--- START ---
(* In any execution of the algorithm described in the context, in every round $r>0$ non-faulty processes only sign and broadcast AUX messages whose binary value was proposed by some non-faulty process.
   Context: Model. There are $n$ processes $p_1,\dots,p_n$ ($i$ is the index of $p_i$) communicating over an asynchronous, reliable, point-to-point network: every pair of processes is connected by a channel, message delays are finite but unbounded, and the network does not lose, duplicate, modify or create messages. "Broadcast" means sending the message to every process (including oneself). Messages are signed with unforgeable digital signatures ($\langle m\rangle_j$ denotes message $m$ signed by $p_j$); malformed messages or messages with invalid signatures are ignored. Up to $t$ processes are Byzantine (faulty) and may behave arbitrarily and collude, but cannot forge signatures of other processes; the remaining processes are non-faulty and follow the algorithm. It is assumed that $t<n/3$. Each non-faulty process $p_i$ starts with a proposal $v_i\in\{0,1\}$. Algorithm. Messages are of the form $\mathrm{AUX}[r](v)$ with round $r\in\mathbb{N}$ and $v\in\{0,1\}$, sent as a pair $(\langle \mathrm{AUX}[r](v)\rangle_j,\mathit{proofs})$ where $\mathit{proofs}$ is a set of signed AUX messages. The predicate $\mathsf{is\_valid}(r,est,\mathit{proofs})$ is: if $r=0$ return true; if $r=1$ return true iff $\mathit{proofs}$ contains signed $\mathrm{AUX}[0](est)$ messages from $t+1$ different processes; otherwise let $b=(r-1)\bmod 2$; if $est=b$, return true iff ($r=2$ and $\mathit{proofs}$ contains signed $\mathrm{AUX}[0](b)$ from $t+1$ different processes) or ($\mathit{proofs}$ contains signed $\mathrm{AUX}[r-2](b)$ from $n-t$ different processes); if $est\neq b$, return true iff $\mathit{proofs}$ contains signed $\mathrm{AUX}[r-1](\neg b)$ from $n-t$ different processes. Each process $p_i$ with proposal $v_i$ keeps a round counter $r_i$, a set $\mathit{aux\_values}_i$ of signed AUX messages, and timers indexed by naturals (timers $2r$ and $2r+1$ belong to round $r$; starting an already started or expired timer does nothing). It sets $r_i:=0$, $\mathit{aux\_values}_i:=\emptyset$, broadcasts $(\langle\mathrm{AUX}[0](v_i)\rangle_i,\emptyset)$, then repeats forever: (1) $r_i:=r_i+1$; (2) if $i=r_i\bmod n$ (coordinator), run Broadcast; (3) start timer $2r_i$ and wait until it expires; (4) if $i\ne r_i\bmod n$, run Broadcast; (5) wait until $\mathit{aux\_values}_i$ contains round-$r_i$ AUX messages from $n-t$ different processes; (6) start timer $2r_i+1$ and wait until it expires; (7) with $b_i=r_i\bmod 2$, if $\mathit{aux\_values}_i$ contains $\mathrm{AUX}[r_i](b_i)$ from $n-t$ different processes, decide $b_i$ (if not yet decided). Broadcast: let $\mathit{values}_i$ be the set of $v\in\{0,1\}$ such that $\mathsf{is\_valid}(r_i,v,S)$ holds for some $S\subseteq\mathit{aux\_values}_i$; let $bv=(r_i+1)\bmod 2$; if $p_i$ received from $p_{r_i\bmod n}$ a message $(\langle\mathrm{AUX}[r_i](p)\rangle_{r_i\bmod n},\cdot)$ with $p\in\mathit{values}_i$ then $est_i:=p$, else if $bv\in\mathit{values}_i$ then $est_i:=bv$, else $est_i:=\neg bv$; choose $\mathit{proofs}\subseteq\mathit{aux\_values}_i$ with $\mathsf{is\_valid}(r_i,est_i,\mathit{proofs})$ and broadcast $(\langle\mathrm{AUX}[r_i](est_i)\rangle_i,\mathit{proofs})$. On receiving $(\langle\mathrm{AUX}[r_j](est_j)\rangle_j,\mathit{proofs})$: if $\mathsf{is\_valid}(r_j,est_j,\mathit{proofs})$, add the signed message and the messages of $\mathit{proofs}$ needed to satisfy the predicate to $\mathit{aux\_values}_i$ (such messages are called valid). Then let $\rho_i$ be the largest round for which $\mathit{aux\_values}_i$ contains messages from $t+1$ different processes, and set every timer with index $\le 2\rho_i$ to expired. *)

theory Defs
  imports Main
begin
--- END ---
--- START ---
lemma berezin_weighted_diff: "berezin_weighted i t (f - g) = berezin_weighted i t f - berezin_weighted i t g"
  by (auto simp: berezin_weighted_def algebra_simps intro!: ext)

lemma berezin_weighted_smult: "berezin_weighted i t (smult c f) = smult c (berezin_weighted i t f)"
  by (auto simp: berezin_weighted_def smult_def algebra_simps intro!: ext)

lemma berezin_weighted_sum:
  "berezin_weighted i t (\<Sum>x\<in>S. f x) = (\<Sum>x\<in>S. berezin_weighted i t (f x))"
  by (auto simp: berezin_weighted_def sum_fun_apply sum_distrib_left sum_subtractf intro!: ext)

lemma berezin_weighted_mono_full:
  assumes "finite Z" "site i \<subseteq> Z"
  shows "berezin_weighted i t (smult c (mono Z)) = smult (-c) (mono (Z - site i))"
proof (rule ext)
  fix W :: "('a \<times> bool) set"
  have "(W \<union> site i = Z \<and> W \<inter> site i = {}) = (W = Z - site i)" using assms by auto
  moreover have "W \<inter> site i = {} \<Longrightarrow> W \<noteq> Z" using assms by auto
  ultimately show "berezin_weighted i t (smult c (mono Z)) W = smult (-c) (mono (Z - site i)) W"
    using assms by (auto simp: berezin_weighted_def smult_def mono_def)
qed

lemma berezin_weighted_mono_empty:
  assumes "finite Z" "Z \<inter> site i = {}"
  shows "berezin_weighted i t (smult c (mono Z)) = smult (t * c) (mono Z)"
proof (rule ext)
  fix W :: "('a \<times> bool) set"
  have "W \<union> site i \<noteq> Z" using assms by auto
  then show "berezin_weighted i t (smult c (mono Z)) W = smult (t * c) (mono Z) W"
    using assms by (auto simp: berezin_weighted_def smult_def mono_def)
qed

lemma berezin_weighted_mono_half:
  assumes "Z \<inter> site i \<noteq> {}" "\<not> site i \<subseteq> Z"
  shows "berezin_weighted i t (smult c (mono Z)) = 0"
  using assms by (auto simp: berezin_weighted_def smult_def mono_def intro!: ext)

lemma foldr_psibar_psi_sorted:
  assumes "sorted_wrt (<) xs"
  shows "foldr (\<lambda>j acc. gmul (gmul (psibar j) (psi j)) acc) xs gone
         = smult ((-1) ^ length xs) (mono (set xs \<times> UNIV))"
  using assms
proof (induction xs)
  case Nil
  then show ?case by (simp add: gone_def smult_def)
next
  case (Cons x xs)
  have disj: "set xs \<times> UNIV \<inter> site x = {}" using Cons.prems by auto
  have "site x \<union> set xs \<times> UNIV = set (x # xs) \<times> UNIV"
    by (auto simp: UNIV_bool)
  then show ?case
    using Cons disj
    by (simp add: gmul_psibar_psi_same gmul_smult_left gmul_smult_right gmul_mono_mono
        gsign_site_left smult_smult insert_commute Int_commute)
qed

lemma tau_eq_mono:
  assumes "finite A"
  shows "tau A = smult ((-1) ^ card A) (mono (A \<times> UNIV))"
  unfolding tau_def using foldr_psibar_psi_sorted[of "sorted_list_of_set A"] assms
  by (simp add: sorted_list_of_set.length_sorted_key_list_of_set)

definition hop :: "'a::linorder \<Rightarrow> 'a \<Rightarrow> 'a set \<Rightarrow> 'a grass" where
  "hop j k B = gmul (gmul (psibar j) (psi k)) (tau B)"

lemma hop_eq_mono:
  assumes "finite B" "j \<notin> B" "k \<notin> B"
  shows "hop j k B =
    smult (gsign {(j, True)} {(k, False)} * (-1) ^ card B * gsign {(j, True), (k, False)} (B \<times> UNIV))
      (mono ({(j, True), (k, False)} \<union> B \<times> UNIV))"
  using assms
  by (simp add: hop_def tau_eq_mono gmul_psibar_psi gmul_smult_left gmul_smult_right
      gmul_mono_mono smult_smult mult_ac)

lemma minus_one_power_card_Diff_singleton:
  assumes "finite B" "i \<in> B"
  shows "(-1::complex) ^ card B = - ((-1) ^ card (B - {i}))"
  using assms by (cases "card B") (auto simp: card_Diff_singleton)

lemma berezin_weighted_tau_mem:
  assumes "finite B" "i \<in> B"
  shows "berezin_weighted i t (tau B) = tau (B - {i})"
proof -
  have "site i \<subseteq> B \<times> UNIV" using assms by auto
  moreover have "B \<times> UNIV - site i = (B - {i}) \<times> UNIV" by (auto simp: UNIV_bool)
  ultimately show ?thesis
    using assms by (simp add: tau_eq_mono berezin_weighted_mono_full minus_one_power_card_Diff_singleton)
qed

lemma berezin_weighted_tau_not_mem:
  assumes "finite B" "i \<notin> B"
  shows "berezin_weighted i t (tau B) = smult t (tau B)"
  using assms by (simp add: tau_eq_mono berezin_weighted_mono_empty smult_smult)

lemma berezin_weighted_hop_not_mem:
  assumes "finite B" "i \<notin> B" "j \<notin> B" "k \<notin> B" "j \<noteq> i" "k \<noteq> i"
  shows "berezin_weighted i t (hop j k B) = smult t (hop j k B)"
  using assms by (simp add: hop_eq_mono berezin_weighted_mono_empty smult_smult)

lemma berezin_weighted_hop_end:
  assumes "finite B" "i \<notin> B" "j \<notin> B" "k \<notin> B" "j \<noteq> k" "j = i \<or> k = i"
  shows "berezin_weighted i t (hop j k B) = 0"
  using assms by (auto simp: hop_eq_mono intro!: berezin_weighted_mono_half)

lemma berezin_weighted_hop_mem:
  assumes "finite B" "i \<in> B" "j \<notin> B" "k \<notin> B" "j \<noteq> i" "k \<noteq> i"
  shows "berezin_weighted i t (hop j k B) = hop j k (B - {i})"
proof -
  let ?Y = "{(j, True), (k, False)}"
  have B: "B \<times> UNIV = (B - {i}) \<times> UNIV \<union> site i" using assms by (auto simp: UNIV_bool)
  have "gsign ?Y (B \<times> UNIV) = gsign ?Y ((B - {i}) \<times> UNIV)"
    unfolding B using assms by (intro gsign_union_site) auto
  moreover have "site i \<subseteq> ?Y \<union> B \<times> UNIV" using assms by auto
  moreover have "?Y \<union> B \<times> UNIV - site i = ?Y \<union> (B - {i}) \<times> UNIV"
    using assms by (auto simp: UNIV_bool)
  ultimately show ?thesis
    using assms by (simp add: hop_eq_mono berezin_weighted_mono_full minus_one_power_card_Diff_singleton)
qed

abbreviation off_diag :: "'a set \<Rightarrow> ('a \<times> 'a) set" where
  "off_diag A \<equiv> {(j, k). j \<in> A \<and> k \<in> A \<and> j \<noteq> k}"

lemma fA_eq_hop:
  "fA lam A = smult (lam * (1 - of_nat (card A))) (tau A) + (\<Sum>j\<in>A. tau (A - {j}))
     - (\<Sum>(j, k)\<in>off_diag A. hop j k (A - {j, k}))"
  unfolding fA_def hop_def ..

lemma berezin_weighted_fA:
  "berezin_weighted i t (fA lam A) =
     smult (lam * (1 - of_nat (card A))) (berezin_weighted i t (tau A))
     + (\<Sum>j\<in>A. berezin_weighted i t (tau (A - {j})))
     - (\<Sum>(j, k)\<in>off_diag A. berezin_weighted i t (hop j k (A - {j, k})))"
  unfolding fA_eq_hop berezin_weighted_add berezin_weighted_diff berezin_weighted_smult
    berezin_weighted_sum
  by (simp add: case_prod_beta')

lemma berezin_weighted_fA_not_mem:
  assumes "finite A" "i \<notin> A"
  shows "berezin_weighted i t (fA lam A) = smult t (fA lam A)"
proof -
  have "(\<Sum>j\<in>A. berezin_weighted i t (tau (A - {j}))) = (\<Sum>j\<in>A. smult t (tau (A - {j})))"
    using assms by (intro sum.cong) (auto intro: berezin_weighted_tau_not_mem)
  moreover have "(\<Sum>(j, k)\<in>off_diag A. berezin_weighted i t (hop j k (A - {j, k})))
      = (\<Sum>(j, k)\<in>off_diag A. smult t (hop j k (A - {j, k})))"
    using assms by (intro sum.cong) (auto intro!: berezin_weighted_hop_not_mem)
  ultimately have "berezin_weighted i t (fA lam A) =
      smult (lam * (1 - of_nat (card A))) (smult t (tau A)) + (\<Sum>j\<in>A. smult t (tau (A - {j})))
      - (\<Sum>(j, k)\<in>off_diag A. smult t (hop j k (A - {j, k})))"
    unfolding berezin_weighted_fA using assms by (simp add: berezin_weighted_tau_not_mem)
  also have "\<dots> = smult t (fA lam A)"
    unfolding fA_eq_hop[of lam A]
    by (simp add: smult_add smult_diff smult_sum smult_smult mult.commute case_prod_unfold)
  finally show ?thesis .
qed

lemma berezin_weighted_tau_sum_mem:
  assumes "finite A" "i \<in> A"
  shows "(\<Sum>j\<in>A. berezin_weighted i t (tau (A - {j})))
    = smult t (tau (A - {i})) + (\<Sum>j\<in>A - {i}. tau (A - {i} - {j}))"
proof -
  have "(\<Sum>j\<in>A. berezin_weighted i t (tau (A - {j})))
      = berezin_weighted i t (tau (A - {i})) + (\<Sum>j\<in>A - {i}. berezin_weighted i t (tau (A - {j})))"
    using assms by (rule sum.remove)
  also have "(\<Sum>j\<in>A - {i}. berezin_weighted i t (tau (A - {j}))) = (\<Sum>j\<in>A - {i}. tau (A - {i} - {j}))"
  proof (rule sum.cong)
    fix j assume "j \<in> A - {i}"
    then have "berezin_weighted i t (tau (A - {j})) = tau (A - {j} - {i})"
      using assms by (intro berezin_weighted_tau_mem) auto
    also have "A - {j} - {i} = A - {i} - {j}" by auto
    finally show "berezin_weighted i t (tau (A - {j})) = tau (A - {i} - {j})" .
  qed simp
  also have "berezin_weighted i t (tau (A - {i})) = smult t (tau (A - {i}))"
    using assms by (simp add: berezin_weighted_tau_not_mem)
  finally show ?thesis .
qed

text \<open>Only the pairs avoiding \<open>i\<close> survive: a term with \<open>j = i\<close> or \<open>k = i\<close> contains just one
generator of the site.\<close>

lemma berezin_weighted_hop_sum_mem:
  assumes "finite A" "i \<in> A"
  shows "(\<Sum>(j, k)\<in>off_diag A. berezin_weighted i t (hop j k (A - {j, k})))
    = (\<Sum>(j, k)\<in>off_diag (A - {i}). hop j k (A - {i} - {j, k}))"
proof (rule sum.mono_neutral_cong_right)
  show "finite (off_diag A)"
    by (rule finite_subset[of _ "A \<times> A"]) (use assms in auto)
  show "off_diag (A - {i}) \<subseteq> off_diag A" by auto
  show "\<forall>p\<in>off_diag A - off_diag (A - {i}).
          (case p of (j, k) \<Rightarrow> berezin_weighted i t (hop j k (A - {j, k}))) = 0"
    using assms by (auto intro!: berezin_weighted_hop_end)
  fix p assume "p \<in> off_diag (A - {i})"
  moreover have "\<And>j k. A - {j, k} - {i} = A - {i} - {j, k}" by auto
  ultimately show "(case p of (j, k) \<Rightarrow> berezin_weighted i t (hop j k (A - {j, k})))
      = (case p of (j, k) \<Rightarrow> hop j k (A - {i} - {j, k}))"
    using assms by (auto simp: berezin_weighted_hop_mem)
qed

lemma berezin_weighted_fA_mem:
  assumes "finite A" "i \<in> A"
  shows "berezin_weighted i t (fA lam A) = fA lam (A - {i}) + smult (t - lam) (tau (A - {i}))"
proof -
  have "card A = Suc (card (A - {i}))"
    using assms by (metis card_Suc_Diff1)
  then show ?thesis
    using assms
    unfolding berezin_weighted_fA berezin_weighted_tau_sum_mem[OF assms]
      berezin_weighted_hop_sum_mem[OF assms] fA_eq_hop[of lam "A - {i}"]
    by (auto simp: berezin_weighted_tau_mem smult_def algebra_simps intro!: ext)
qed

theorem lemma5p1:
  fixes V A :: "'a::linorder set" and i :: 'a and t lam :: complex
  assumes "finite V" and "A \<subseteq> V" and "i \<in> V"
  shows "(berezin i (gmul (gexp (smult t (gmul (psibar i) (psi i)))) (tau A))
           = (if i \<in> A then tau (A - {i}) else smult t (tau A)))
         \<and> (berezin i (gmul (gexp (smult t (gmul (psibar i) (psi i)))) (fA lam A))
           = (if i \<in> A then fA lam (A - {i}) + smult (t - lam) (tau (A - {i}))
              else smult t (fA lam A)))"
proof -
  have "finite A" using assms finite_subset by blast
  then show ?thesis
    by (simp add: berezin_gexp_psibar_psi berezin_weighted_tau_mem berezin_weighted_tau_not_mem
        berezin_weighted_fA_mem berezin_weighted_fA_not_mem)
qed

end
--- END ---
In the listing above, find the line containing "acc) xs gone" and the line containing "card A) (mono", then repeat those two lines and everything between them exactly.

  shows "foldr (\<lambda>j acc. gmul (gmul (psibar j) (psi j)) acc) xs gone
         = smult ((-1) ^ length xs) (mono (set xs \<times> UNIV))"
  using assms
proof (induction xs)
  case Nil
  then show ?case by (simp add: gone_def smult_def)
next
  case (Cons x xs)
  have disj: "set xs \<times> UNIV \<inter> site x = {}" using Cons.prems by auto
  have "site x \<union> set xs \<times> UNIV = set (x # xs) \<times> UNIV"
    by (auto simp: UNIV_bool)
  then show ?case
    using Cons disj
    by (simp add: gmul_psibar_psi_same gmul_smult_left gmul_smult_right gmul_mono_mono
        gsign_site_left smult_smult insert_commute Int_commute)
qed

lemma tau_eq_mono:
  assumes "finite A"
  shows "tau A = smult ((-1) ^ card A) (mono (A \<times> UNIV))"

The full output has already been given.